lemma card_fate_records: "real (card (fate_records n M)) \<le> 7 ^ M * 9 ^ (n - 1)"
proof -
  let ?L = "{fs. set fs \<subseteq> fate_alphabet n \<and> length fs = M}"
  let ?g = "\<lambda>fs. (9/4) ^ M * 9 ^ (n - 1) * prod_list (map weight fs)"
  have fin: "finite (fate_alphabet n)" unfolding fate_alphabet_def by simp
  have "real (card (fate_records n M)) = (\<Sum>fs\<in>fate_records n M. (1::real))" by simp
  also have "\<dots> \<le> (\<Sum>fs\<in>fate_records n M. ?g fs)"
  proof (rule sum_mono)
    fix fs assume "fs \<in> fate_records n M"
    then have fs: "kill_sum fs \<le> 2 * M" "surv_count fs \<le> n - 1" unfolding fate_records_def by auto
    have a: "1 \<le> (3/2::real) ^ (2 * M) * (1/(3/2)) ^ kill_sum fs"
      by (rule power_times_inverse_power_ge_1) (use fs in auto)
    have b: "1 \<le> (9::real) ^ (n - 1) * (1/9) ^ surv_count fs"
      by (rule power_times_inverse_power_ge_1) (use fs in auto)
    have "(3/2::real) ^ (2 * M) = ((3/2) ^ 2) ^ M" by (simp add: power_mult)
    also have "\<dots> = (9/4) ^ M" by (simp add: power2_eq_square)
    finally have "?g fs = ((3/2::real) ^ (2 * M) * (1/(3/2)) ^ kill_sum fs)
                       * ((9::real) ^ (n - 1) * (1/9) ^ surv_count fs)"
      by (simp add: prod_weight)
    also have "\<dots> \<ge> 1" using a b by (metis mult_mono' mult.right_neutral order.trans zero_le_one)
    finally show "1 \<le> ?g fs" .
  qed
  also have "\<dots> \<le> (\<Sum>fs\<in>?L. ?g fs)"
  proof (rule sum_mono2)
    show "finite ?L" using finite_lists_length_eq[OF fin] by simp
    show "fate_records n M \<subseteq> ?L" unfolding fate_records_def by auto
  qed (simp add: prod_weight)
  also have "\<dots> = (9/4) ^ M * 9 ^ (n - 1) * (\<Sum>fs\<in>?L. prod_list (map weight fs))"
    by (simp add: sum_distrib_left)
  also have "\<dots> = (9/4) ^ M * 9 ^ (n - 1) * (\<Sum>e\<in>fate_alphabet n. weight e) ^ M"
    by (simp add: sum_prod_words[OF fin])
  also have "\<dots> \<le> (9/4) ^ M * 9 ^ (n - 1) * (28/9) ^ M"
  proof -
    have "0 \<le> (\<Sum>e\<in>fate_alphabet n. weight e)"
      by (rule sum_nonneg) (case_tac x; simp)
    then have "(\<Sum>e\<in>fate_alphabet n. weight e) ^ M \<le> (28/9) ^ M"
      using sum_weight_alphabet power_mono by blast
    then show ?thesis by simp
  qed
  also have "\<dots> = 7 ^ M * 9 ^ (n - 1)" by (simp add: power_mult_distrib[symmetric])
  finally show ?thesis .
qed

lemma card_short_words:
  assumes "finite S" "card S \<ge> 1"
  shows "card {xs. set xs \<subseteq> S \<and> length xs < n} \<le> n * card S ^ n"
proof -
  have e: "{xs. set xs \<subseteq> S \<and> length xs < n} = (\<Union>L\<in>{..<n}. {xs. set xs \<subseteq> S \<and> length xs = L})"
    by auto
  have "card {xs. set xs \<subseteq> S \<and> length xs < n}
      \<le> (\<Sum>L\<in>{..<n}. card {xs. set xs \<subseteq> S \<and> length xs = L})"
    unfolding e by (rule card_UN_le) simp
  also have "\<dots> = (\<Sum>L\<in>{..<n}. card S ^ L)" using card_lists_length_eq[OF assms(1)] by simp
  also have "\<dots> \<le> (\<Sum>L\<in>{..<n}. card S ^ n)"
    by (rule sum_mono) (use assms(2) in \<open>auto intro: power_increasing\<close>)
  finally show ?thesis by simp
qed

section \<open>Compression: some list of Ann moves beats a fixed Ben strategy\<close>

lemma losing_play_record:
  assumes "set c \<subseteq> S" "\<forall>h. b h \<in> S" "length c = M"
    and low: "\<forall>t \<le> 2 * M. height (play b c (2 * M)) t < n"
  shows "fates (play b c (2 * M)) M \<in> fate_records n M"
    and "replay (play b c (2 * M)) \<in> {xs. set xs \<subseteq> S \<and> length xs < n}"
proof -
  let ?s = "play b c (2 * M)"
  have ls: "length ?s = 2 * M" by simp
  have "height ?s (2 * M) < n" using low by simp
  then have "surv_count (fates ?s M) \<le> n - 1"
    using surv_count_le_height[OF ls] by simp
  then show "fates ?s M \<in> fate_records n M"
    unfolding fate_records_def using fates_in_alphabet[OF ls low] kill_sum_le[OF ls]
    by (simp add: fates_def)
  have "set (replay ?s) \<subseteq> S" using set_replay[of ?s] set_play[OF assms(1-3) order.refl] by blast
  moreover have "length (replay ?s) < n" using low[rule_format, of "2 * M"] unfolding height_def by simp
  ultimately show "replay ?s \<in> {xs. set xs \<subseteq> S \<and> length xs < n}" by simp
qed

--*--

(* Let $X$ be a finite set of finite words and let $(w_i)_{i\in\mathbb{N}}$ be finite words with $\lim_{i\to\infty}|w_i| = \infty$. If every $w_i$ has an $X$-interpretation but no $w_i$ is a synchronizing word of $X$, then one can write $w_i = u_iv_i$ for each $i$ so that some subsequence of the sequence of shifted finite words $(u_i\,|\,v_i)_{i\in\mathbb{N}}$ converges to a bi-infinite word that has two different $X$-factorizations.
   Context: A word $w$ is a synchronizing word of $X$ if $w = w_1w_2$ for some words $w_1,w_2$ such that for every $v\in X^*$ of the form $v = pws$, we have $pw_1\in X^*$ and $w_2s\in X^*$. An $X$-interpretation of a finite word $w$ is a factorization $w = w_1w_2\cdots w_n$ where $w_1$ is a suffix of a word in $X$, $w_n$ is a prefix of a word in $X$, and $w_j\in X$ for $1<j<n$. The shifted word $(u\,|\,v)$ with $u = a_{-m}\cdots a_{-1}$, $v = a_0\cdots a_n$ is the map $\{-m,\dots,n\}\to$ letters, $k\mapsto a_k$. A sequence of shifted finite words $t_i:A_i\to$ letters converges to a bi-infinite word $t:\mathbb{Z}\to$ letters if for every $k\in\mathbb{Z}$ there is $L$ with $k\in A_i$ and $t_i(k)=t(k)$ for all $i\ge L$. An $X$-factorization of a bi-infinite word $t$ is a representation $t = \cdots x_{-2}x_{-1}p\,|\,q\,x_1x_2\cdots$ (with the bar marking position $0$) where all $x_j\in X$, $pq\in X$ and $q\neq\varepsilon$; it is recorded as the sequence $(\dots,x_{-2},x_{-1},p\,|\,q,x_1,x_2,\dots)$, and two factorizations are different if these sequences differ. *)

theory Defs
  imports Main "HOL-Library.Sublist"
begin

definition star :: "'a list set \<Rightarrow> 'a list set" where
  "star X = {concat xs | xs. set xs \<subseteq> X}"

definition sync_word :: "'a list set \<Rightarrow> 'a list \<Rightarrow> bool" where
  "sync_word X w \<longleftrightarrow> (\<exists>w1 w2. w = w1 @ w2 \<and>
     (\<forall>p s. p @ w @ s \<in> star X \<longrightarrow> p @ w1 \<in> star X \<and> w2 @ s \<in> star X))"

--*--

▶ PROMPT: Return every line from the material that contains the word "assms".

▶ RESULT FOR THIS EXERCISE:
  also have "\<dots> = (\<Sum>L\<in>{..<n}. card S ^ L)" using card_lists_length_eq[OF assms(1)] by simp
    by (rule sum_mono) (use assms(2) in \<open>auto intro: power_increasing\<close>)
  have "set (replay ?s) \<subseteq> S" using set_replay[of ?s] set_play[OF assms(1-3) order.refl] by blast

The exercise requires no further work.